Pull every line with "cases" from the data below and copy it.

INFORMATION SHOWN:
--------------------------------

(*
  If u < v < w lie in R and an interval J with t J = u or t J = w contains u and w, then it
  contains v as well, so u and w are adjacent only if u, v or v, w are.  Hence "u < v and u, v
  not adjacent" is a strict partial order on R whose incomparability graph is G_{R,t}.  In an
  incomparability graph the cliques are the antichains, and a colouring whose colour classes are
  chains is proper, so perfection follows from Dilworth's theorem: a finite poset of width w is
  covered by w chains.

  Dilworth's theorem is proved following Galvin.  Remove a maximal element a, cover the rest by
  w' chains and let x_i be the top element of the i-th chain that lies in some maximum antichain;
  the x_i form an antichain.  Either a is incomparable to all x_i, and the width grows to w' + 1,
  or a lies above some x_i, and removing a together with the part of the i-th chain below x_i
  lowers the width to w' - 1.
*)
theory Submission
  imports Defs
begin

lemma finite_card_subsets: "finite S \<Longrightarrow> finite {card K | K. K \<subseteq> S \<and> Q K}"
  by (rule finite_subset[of _ "card ` Pow S"]) auto

lemma card_le_Max_card_subsets:
  assumes "finite S" "K \<subseteq> S" "Q K"
  shows "card K \<le> Max {card K | K. K \<subseteq> S \<and> Q K}"
  by (rule Max_ge[OF finite_card_subsets[OF assms(1)]]) (use assms in blast)

lemma Max_card_subsets_attained:
  assumes "finite S" "Q {}"
  obtains K where "K \<subseteq> S" "Q K" "card K = Max {card K | K. K \<subseteq> S \<and> Q K}"
proof -
  have "Max {card K | K. K \<subseteq> S \<and> Q K} \<in> {card K | K. K \<subseteq> S \<and> Q K}"
  proof (rule Max_in[OF finite_card_subsets[OF assms(1)]])
    show "{card K | K. K \<subseteq> S \<and> Q K} \<noteq> {}"
      using assms(2) by auto
  qed
  then show thesis
    using that by auto
qed
lemma nn_integral_abs_mult_drift_le_relent:
  assumes sets_\<mu>: "sets \<mu> = sets borel" and "prob_space \<mu>" and "prob_space \<nu>"
    and P: "P \<in> couplings \<mu> \<nu>" and K: "disintegration P \<mu> K"
    and "first_moment \<mu>" and "first_moment \<nu>"
    and drift_sign: "AE x in \<mu>. (0 \<le> x \<longrightarrow> 0 \<le> drift K x) \<and> (x < 0 \<longrightarrow> drift K x \<le> 0)"
    and h: "h \<in> Lm m" and dual: "0 \<le> dual_obj \<mu> \<nu> h"
  shows "enn2ereal (\<integral>\<^sup>+x. ennreal (\<bar>h x\<bar> * \<bar>drift K x\<bar>) \<partial>\<mu>) \<le> relent P (\<mu> \<Otimes>\<^sub>M \<nu>)"
proof -
  have sets_P: "sets P = sets (borel \<Otimes>\<^sub>M borel)" and "prob_space P"
    using P by (auto simp: couplings_def)
  have int: "integrable P (\<lambda>z. snd z - fst z)"
    using integrable_displacement P assms(6,7) by blast
  note drift_facts = integrable_mult_drift[OF sets_\<mu> K sets_P Lm_borel_measurable[OF h] Lm_abs_le[OF h] int]
    integral_mult_drift[OF sets_\<mu> K sets_P Lm_borel_measurable[OF h] Lm_abs_le[OF h] int]
  define I where "I = (\<integral>z. h (fst z) * (snd z - fst z) \<partial>P)"
  have "AE x in \<mu>. h x * drift K x \<le> 0"
    using drift_sign
  proof eventually_elim
    case (elim x)
    show ?case
    proof (cases "0 \<le> x")
      case True
      then show ?thesis
        using elim Lm_nonpos_on_nonneg[OF h True] by (simp add: mult_nonpos_nonneg)
    next
      case False
      then show ?thesis
        using elim Lm_nonneg_on_neg[OF h] by (simp add: mult_nonneg_nonpos)
    qed
  qed
  then have weighted_eq: "(\<integral>\<^sup>+x. ennreal (\<bar>h x\<bar> * \<bar>drift K x\<bar>) \<partial>\<mu>) = ennreal (- I)"
    using nn_integral_abs_eq_minus_integral[OF drift_facts(1)] drift_facts(2)
    by (simp add: I_def abs_mult)
  have "0 \<le> dual_obj \<mu> \<nu> h" by (fact dual)
  also have "\<dots> \<le> ereal I + relent P (\<mu> \<Otimes>\<^sub>M \<nu>)"
    unfolding dual_obj_def I_def by (rule INF_lower2[OF P]) simp
  finally have dual_le: "0 \<le> ereal I + relent P (\<mu> \<Otimes>\<^sub>M \<nu>)" .
  have "0 \<le> relent P (\<mu> \<Otimes>\<^sub>M \<nu>)"
    using relent_nonneg[OF \<open>prob_space P\<close> prob_space_pair[OF assms(2,3)]] .
  then consider r where "relent P (\<mu> \<Otimes>\<^sub>M \<nu>) = ereal r" "0 \<le> r" | "relent P (\<mu> \<Otimes>\<^sub>M \<nu>) = \<infinity>"
    by (cases "relent P (\<mu> \<Otimes>\<^sub>M \<nu>)") auto
  then show ?thesis
  proof cases
    case 1
    with dual_le have "ennreal (- I) \<le> ennreal r"
      by (intro ennreal_leI) simp
    then show ?thesis
      using 1 weighted_eq less_eq_ennreal.rep_eq by fastforce
  qed simp
qed

lemma finite_measure_density_abs:
  fixes f :: "'a \<Rightarrow> real"
  assumes "integrable M f"
  shows "finite_measure (density M (\<lambda>x. ennreal \<bar>f x\<bar>))"
proof (rule finite_measureI)
  have [measurable]: "f \<in> borel_measurable M"
    using assms by simp
  have "emeasure (density M (\<lambda>x. ennreal \<bar>f x\<bar>)) (space M) = (\<integral>\<^sup>+x. ennreal \<bar>f x\<bar> \<partial>M)"
    by (simp add: emeasure_density nn_integral_set_ennreal[symmetric])
  then show "emeasure (density M (\<lambda>x. ennreal \<bar>f x\<bar>)) (space (density M (\<lambda>x. ennreal \<bar>f x\<bar>))) \<noteq> \<infinity>"
    using assms by (simp add: integrable_iff_bounded less_top)
qed

lemma absolutely_continuous_density_nonzero:
  fixes f :: "'a \<Rightarrow> real"
  assumes [measurable]: "f \<in> borel_measurable M" and nonzero: "AE x in M. f x \<noteq> 0"
  shows "absolutely_continuous (density M (\<lambda>x. ennreal \<bar>f x\<bar>)) M"
  unfolding absolutely_continuous_def
proof
  fix A assume "A \<in> null_sets (density M (\<lambda>x. ennreal \<bar>f x\<bar>))"
  then have A: "A \<in> sets M" and vanish: "AE x\<in>A in M. ennreal \<bar>f x\<bar> = 0"
    by (auto simp: null_sets_density_iff)
  from nonzero vanish have "AE x in M. x \<notin> A"
    by eventually_elim auto
  with A show "A \<in> null_sets M"
    by (simp add: AE_iff_null_sets)
qed

lemma nn_integral_density_abs:
  fixes w g :: "'a \<Rightarrow> real"
  assumes "w \<in> borel_measurable M" and "g \<in> borel_measurable M"
  shows "(\<integral>\<^sup>+x. ennreal \<bar>g x\<bar> \<partial>density M (\<lambda>x. ennreal \<bar>w x\<bar>)) = (\<integral>\<^sup>+x. ennreal (\<bar>g x\<bar> * \<bar>w x\<bar>) \<partial>M)"
  using assms by (simp add: nn_integral_density ennreal_mult' mult.commute)

lemma (in finite_measure) exists_measure_abs_less:
  fixes f :: "'a \<Rightarrow> real"
  assumes [measurable]: "f \<in> borel_measurable M" and nonzero: "AE x in M. f x \<noteq> 0"
    and "0 < \<epsilon>"
  shows "\<exists>\<delta>>0. measure M {x\<in>space M. \<bar>f x\<bar> < \<delta>} < \<epsilon>"
proof -
  define S where "S n = {x\<in>space M. \<bar>f x\<bar> < 1 / (real n + 1)}" for n :: nat
  have S_sets: "range S \<subseteq> sets M"
    unfolding S_def by auto
  have "1 / (real n + 1) \<le> 1 / (real m + 1)" if "m \<le> n" for m n
    using that by (simp add: frac_le)
  then have "decseq S"
    unfolding decseq_def S_def by (auto intro: less_le_trans)
  have "(\<Inter>n. S n) = {x\<in>space M. f x = 0}"
  proof (intro equalityI subsetI)
    fix x assume x: "x \<in> (\<Inter>n. S n)"
    have "\<bar>f x\<bar> \<le> 0"
    proof (rule field_le_epsilon)
      fix e :: real assume "0 < e"
      then obtain n where "inverse (real (Suc n)) < e"
        using reals_Archimedean by blast
      moreover have "x \<in> S n"
        using x by blast
      ultimately show "\<bar>f x\<bar> \<le> 0 + e"
        by (simp add: S_def inverse_eq_divide add.commute)
    qed
    with x show "x \<in> {x\<in>space M. f x = 0}"
      by (auto simp: S_def)
  qed (auto simp: S_def)
  moreover have "{x\<in>space M. f x = 0} \<in> null_sets M"
  proof -
    have "AE x in M. x \<notin> {x\<in>space M. f x = 0}"
      using nonzero by eventually_elim auto
    then show ?thesis
      by (subst AE_iff_null_sets) auto
  qed
  ultimately have "(\<lambda>n. measure M (S n)) \<longlonglongrightarrow> 0"
    using finite_Lim_measure_decseq[OF S_sets \<open>decseq S\<close>] by (simp add: measure_def null_setsD1)
  then have "eventually (\<lambda>n. measure M (S n) < \<epsilon>) sequentially"
    using \<open>0 < \<epsilon>\<close> by (rule order_tendstoD(2))
  then obtain n where "measure M (S n) < \<epsilon>"
    by (auto simp: eventually_sequentially)
  then show ?thesis
    by (intro exI[of _ "1 / (real n + 1)"]) (auto simp: S_def)
qed

text \<open>Split off the small set where \<open>|w| < \<delta>\<close> and apply Markov's inequality on its complement.\<close>

lemma (in finite_measure) uniformly_bounded_in_measure_of_weighted_bound:
  fixes w :: "'a \<Rightarrow> real" and g :: "'i \<Rightarrow> 'a \<Rightarrow> real"
  assumes [measurable]: "w \<in> borel_measurable M" and "AE x in M. w x \<noteq> 0"
    and g[measurable]: "\<And>i. i \<in> I \<Longrightarrow> g i \<in> borel_measurable M"
    and bound: "\<And>i. i \<in> I \<Longrightarrow> (\<integral>\<^sup>+x. ennreal (\<bar>g i x\<bar> * \<bar>w x\<bar>) \<partial>M) \<le> ennreal C"
    and "0 < \<epsilon>"
  shows "\<exists>R. \<forall>i\<in>I. measure M {x\<in>space M. R < \<bar>g i x\<bar>} \<le> \<epsilon>"
proof -
  obtain \<delta> where "0 < \<delta>" and small: "measure M {x\<in>space M. \<bar>w x\<bar> < \<delta>} < \<epsilon> / 2"
    using exists_measure_abs_less[OF assms(1,2), of "\<epsilon> / 2"] \<open>0 < \<epsilon>\<close> by auto
  define C' where "C' = max C 0"
  define R where "R = 2 * C' / (\<delta> * \<epsilon>) + 1"
  have "0 \<le> C'"
    by (simp add: C'_def)
  then have "0 < R"
    using \<open>0 < \<delta>\<close> \<open>0 < \<epsilon>\<close> by (simp add: R_def add_nonneg_pos)
  have "\<epsilon> / 2 * (R * \<delta>) = C' + \<epsilon> * \<delta> / 2"
    using \<open>0 < \<delta>\<close> \<open>0 < \<epsilon>\<close> by (simp add: R_def field_simps)
  then have "C' / (R * \<delta>) \<le> \<epsilon> / 2"
    using \<open>0 < R\<close> \<open>0 < \<delta>\<close> \<open>0 < \<epsilon>\<close> by (simp add: pos_divide_le_eq)
  have "measure M {x\<in>space M. R < \<bar>g i x\<bar>} \<le> \<epsilon>" if i: "i \<in> I" for i
  proof -
    note [measurable] = g[OF i]
    define T where "T = {x\<in>space M. \<delta> \<le> \<bar>w x\<bar> \<and> R < \<bar>g i x\<bar>}"
    have [measurable]: "T \<in> sets M"
      unfolding T_def by measurable
    have "ennreal (R * \<delta>) * emeasure M T = (\<integral>\<^sup>+x. ennreal (R * \<delta>) * indicator T x \<partial>M)"
      by (simp add: nn_integral_cmult_indicator)
    also have "\<dots> \<le> (\<integral>\<^sup>+x. ennreal (\<bar>g i x\<bar> * \<bar>w x\<bar>) \<partial>M)"
      using \<open>0 < R\<close> \<open>0 < \<delta>\<close>
      by (intro nn_integral_mono) (auto simp: T_def indicator_def intro!: ennreal_leI mult_mono)
    also have "\<dots> \<le> ennreal C'"
      using bound[OF i] by (simp add: C'_def ennreal_max_0)
    finally have "R * \<delta> * measure M T \<le> C'"
      using \<open>0 < R\<close> \<open>0 < \<delta>\<close> \<open>0 \<le> C'\<close> by (simp add: emeasure_eq_measure ennreal_mult'[symmetric])
    then have "measure M T \<le> C' / (R * \<delta>)"
      using \<open>0 < R\<close> \<open>0 < \<delta>\<close> by (simp add: pos_le_divide_eq mult.commute)
    with \<open>C' / (R * \<delta>) \<le> \<epsilon> / 2\<close> have "measure M T \<le> \<epsilon> / 2"
      by linarith
    have "measure M {x\<in>space M. R < \<bar>g i x\<bar>} \<le> measure M ({x\<in>space M. \<bar>w x\<bar> < \<delta>} \<union> T)"
      by (intro finite_measure_mono) (auto simp: T_def)
    also have "\<dots> \<le> measure M {x\<in>space M. \<bar>w x\<bar> < \<delta>} + measure M T"
      by (intro measure_Un_le) auto
    finally show ?thesis
      using small \<open>measure M T \<le> \<epsilon> / 2\<close> by linarith
  qed
  then show ?thesis
    by blast
qed
(* Let $\alpha=[0;a_1,a_2,\ldots]\in\mathbf{Bad}$ and let $(p_n/q_n)_{n\ge1}$ be the sequence of its convergents. Assume that there exist a positive rational number $x$ and two sequences of finite words $(U_k)_{k\ge1}$ and $(V_k)_{k\ge1}$ over the positive integers such that, for every $k\ge1$, the sequence of partial quotients $a_1a_2\ldots$ of $\alpha$ begins with the word $V_kU_k\overline{U}_k$, and $|U_{k+1}|>|U_k|\ge x|V_k|$. Set $M=\limsup_{\ell\to+\infty}q_\ell^{1/\ell}$ and $m=\liminf_{\ell\to+\infty}q_\ell^{1/\ell}$. If $$x>\frac32\cdot\frac{\log M}{\log m}-\frac12,$$ then for every real number $\beta$ equal to $\alpha$ up to a rational homography one has $\inf_{q\ge1}q\cdot\Vert q\alpha\Vert\cdot\Vert q\beta\Vert=0$.
   Context: For a real number $y$, $\Vert y\Vert$ denotes the distance from $y$ to the nearest integer. $\mathbf{Bad}=\{\alpha\in\mathbb{R} : \inf_{q\ge1} q\Vert q\alpha\Vert>0\}$ (equivalently, real numbers with bounded partial quotients). A finite word $W=w_1\ldots w_r$ over the positive integers is identified with the sequence of partial quotients $w_1,\ldots,w_r$; $|W|$ denotes its length and $\overline{W}=w_r\ldots w_1$ its mirror image. A real number $\beta$ is equal to $\alpha$ up to a rational homography if $\beta=(a\alpha+b)/(c\alpha+d)$ for some integers $a,b,c,d$ with $ad-bc\neq0$. *)

theory Defs
  imports "HOL-Analysis.Analysis"
begin

definition dnint :: "real \<Rightarrow> real" where
  "dnint y = min (frac y) (1 - frac y)"

definition Bad :: "real set" where
  "Bad = {\<alpha>. (INF q\<in>{1::nat..}. real q * dnint (real q * \<alpha>)) > 0}"

text \<open>Numerators and denominators of the convergents of [0; a 1, a 2, ...]
  (the value a 0 is ignored; p 0 / q 0 = 0/1).\<close>
fun cfp :: "(nat \<Rightarrow> nat) \<Rightarrow> nat \<Rightarrow> nat" where
  "cfp a 0 = 0"
| "cfp a (Suc 0) = 1"
| "cfp a (Suc (Suc n)) = a (Suc (Suc n)) * cfp a (Suc n) + cfp a n"

fun cfq :: "(nat \<Rightarrow> nat) \<Rightarrow> nat \<Rightarrow> nat" where
  "cfq a 0 = 1"
| "cfq a (Suc 0) = a 1"
| "cfq a (Suc (Suc n)) = a (Suc (Suc n)) * cfq a (Suc n) + cfq a n"

definition is_cf_expansion :: "real \<Rightarrow> (nat \<Rightarrow> nat) \<Rightarrow> bool" where
  "is_cf_expansion \<alpha> a \<longleftrightarrow> (\<forall>n\<ge>1. a n > 0) \<and>
     (\<lambda>n. real (cfp a n) / real (cfq a n)) \<longlonglongrightarrow> \<alpha>"
lemma blame_perm_fun:
  assumes "bij \<sigma>"
  shows "blame \<rho> (\<sigma> x) (perm_fun \<sigma> f) = blame \<rho> x (f :: ('x::finite) boolfun)"
proof -
  have "\<sigma> \<circ> inv \<sigma> = id" "inv \<sigma> \<circ> \<sigma> = id"
    using assms by (simp_all add: fun_eq_iff bij_is_surj surj_f_inv_f bij_is_inj)
  then have "(\<Sum>v\<in>(UNIV :: 'x assignment set). \<rho> (scs (v \<circ> \<sigma>) x f)) = (\<Sum>u\<in>UNIV. \<rho> (scs u x f))"
    by (intro sum.reindex_bij_witness[of _ "\<lambda>u. u \<circ> inv \<sigma>" "\<lambda>v. v \<circ> \<sigma>"])
      (simp_all add: o_assoc[symmetric])
  then show ?thesis unfolding blame_def scs_perm_fun[OF assms] by simp
qed

subsection \<open>The blame inequality behind ModEC\<close>

locale modec_pair =
  fixes f h g F\<^sub>0 F\<^sub>1 H\<^sub>0 H\<^sub>1 :: "'x boolfun" and x :: 'x
  assumes f_eq: "f u = (g u \<and> F\<^sub>1 u \<or> \<not> g u \<and> F\<^sub>0 u)"
    and h_eq: "h u = (g u \<and> H\<^sub>1 u \<or> \<not> g u \<and> H\<^sub>0 u)"
    and F\<^sub>0_le_H\<^sub>0: "F\<^sub>0 u \<Longrightarrow> H\<^sub>0 u"
    and H\<^sub>0_le_H\<^sub>1: "H\<^sub>0 u \<Longrightarrow> H\<^sub>1 u"
    and H\<^sub>1_le_F\<^sub>1: "H\<^sub>1 u \<Longrightarrow> F\<^sub>1 u"
    and notin_dep: "x \<notin> dep F\<^sub>0" "x \<notin> dep F\<^sub>1" "x \<notin> dep H\<^sub>0" "x \<notin> dep H\<^sub>1"
begin

lemma cofactors_flip:
  "F\<^sub>0 (flip {x} u) = F\<^sub>0 u" "F\<^sub>1 (flip {x} u) = F\<^sub>1 u"
  "H\<^sub>0 (flip {x} u) = H\<^sub>0 u" "H\<^sub>1 (flip {x} u) = H\<^sub>1 u"
  using notin_dep by (simp_all add: flip_notin_dep)

lemma agree_if_pivotal:
  assumes "h w \<noteq> h (flip {x} w)"
  shows "f w = h w" "f (flip {x} w) = h (flip {x} w)"
  using assms f_eq[of w] f_eq[of "flip {x} w"] h_eq[of w] h_eq[of "flip {x} w"] cofactors_flip[of w]
    F\<^sub>0_le_H\<^sub>0[of w] H\<^sub>0_le_H\<^sub>1[of w] H\<^sub>1_le_F\<^sub>1[of w]
  by (smt (verit))+

lemma flip_eq_if_g_flip_eq:
  assumes "g (flip {x} u) = g u"
  shows "f (flip {x} u) = f u" "h (flip {x} u) = h u"
  using assms by (simp_all add: f_eq h_eq cofactors_flip)

lemma critical_set_if_agree:
  assumes "f u = h u" and "critical_set h x u S"
  shows "critical_set f x u S"
proof -
  let ?w = "flip S u"
  have h_w: "h u = h ?w" "h u \<noteq> h (flip {x} ?w)"
    using assms(2) by (auto simp: critical_set_iff)
  then have "f ?w = h ?w" "f (flip {x} ?w) = h (flip {x} ?w)"
    using agree_if_pivotal[of ?w] by simp_all
  then show ?thesis using assms h_w by (simp add: critical_set_iff)
qed

lemma pivotal_if_g_flips:
  assumes "f u \<noteq> h u" and "g (flip {x} u) \<noteq> g u"
  shows "f (flip {x} u) \<noteq> f u"
  using assms f_eq[of u] f_eq[of "flip {x} u"] h_eq[of u] cofactors_flip[of u]
    F\<^sub>0_le_H\<^sub>0[of u] H\<^sub>0_le_H\<^sub>1[of u] H\<^sub>1_le_F\<^sub>1[of u]
  by (smt (verit))

lemma critical_set_if_critical_set_flip:
  assumes "f u \<noteq> h u" and "g (flip {x} u) = g u" and "critical_set h x (flip {x} u) S"
  shows "critical_set f x u S"
proof -
  let ?w = "flip S u"
  have flip_w: "flip S (flip {x} u) = flip {x} ?w"
    by (rule flip_commute)
  have h_w: "h u = h (flip {x} ?w)" "h u \<noteq> h ?w"
    using assms(3) flip_eq_if_g_flip_eq(2)[OF assms(2)] by (auto simp: critical_set_iff flip_w)
  then have "f ?w = h ?w" "f (flip {x} ?w) = h (flip {x} ?w)"
    using agree_if_pivotal[of ?w] by simp_all
  then show ?thesis
    using assms(1,3) h_w by (auto simp: critical_set_iff)
qed

lemma share_pair_le_if_differ:
  assumes "share_function \<rho>" and "f u \<noteq> h u"
  shows "\<rho> (scs u x h) + \<rho> (scs (flip {x} u) x h) \<le> \<rho> (scs u x f) + \<rho> (scs (flip {x} u) x f)"
proof (cases "g (flip {x} u) = g u")
  case True
  have "f (flip {x} u) \<noteq> h (flip {x} u)"
    using assms(2) flip_eq_if_g_flip_eq[OF True] by simp
  moreover have "g (flip {x} (flip {x} u)) = g (flip {x} u)"
    using True by simp
  ultimately have "scs u x f \<le> scs (flip {x} u) x h" "scs (flip {x} u) x f \<le> scs u x h"
    using critical_set_if_critical_set_flip[OF assms(2) True]
      critical_set_if_critical_set_flip[of "flip {x} u"]
    by (auto intro: scs_le_if_critical_set_imp)
  then show ?thesis
    using share_function_antimono[OF assms(1)] by (smt (verit))
next
  case False
  then have "f (flip {x} u) \<noteq> f u"
    using pivotal_if_g_flips[OF assms(2)] by blast
  then have "scs u x f = 0" "scs (flip {x} u) x f = 0"
    by (simp_all add: scs_eq_0_if_critical_set_empty critical_set_empty_iff)
  moreover have "\<rho> 0 = 1" using assms(1) by (simp add: share_function_def)
  ultimately show ?thesis
    using share_function_bounds[OF assms(1), of "scs u x h"]
      share_function_bounds[OF assms(1), of "scs (flip {x} u) x h"]
    by simp
qed

lemma share_pair_le:
  assumes "share_function \<rho>"
  shows "\<rho> (scs u x h) + \<rho> (scs (flip {x} u) x h) \<le> \<rho> (scs u x f) + \<rho> (scs (flip {x} u) x f)"
proof (cases "f u = h u \<and> f (flip {x} u) = h (flip {x} u)")
  case True
  then have "scs u x f \<le> scs u x h" "scs (flip {x} u) x f \<le> scs (flip {x} u) x h"
    by (auto intro: scs_le_if_critical_set_imp critical_set_if_agree)
  then show ?thesis
    using share_function_antimono[OF assms] by (smt (verit))
next
  case False
  then show ?thesis
    using share_pair_le_if_differ[OF assms, of u] share_pair_le_if_differ[OF assms, of "flip {x} u"]
    by auto
qed

end

lemma blame_le_if_modec_pair:
  fixes f h :: "('x::finite) boolfun"
  assumes "modec_pair f h g F\<^sub>0 F\<^sub>1 H\<^sub>0 H\<^sub>1 x" and "share_function \<rho>"
  shows "blame \<rho> x h \<le> blame \<rho> x f"
proof -
  have "2 * (\<Sum>u\<in>(UNIV :: 'x assignment set). \<rho> (scs u x h))
      = (\<Sum>u\<in>UNIV. \<rho> (scs u x h) + \<rho> (scs (flip {x} u) x h))"
    by (simp add: sum.distrib sum_flip_singleton[of "\<lambda>u. \<rho> (scs u x h)"])
  also have "\<dots> \<le> (\<Sum>u\<in>UNIV. \<rho> (scs u x f) + \<rho> (scs (flip {x} u) x f))"
    by (intro sum_mono modec_pair.share_pair_le[OF assms])
  also have "\<dots> = 2 * (\<Sum>u\<in>(UNIV :: 'x assignment set). \<rho> (scs u x f))"
    by (simp add: sum.distrib sum_flip_singleton[of "\<lambda>u. \<rho> (scs u x f)"])
  finally show ?thesis
    unfolding blame_def by (simp add: divide_right_mono)
qed

lemma blame_mono_modular:
  fixes f g h :: "('x::finite) boolfun"
  assumes "share_function \<rho>" and "mono_modular f g" and "mono_modular h g"
    and "mod_cof h g True \<le> mod_cof f g True" and "mod_cof f g False \<le> mod_cof h g False"
    and "x \<in> dep g"
  shows "blame \<rho> x h \<le> blame \<rho> x f"
proof -
  obtain l z where f_wit: "mod_witness f g l z" and "nonconstant g"
    using assms(2) unfolding mono_modular_def by blast
  obtain l' z' where h_wit: "mod_witness h g l' z'" and "monotone_in l' z'"
    using assms(3) unfolding mono_modular_def by blast
  have "x \<notin> dep l" "x \<notin> dep l'"
    using f_wit h_wit \<open>x \<in> dep g\<close> unfolding mod_witness_def by blast+
  then have x_indep: "x \<notin> dep (cof l z c)" "x \<notin> dep (cof l' z' c)" for c
    using dep_cof_subset[of l z c] dep_cof_subset[of l' z' c] by blast+
  have cof_le: "cof l' z' True \<le> cof l z True" "cof l z False \<le> cof l' z' False"
    using assms(4,5) by (simp_all add: mod_cof_eq[OF f_wit \<open>nonconstant g\<close>]
        mod_cof_eq[OF h_wit \<open>nonconstant g\<close>])
  have "modec_pair f h g (cof l z False) (cof l z True) (cof l' z' False) (cof l' z' True) x"
  proof
    fix u
    show "f u = (g u \<and> cof l z True u \<or> \<not> g u \<and> cof l z False u)"
      using f_wit by (simp add: mod_witness_def subst_def)
    show "h u = (g u \<and> cof l' z' True u \<or> \<not> g u \<and> cof l' z' False u)"
      using h_wit by (simp add: mod_witness_def subst_def)
    show "cof l z False u \<Longrightarrow> cof l' z' False u" "cof l' z' True u \<Longrightarrow> cof l z True u"
      using cof_le by (auto simp: le_fun_def)
    show "cof l' z' False u \<Longrightarrow> cof l' z' True u"
      using \<open>monotone_in l' z'\<close> by (simp add: monotone_in_def)
  qed (use x_indep in simp_all)
  then show ?thesis using assms(1) by (rule blame_le_if_modec_pair)
qed

theorem mainTheorem3:
  fixes \<rho> :: "enat \<Rightarrow> real"
  assumes "share_function \<rho>"
  shows "IVF (blame \<rho> :: ('x::finite) value_fun) \<and> unbiased (blame \<rho> :: 'x value_fun)"
proof
  have "critical_set (\<lambda>u. u x) x u {}" "critical_set (\<lambda>u. \<not> u x) x u {}" for u and x :: 'x
    by (simp_all add: critical_set_empty_iff flip_def)
  then show "IVF (blame \<rho> :: 'x value_fun)"
    unfolding IVF_def
    using blame_bounds[OF assms] blame_eq_0_if_notin_dep[OF assms]
      blame_eq_1_if_critical_set_empty[OF assms] blame_perm_fun blame_flipfun
      blame_mono_modular[OF assms]
    by metis
  show "unbiased (blame \<rho> :: 'x value_fun)"
    unfolding unbiased_def by (simp add: blame_not)
qed

end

--------------------------------

RESPONSE BELOW:
    proof (cases "0 \<le> x")
    by (cases "relent P (\<mu> \<Otimes>\<^sub>M \<nu>)") auto
  proof cases
proof (cases "g (flip {x} u) = g u")
proof (cases "f u = h u \<and> f (flip {x} u) = h (flip {x} u)")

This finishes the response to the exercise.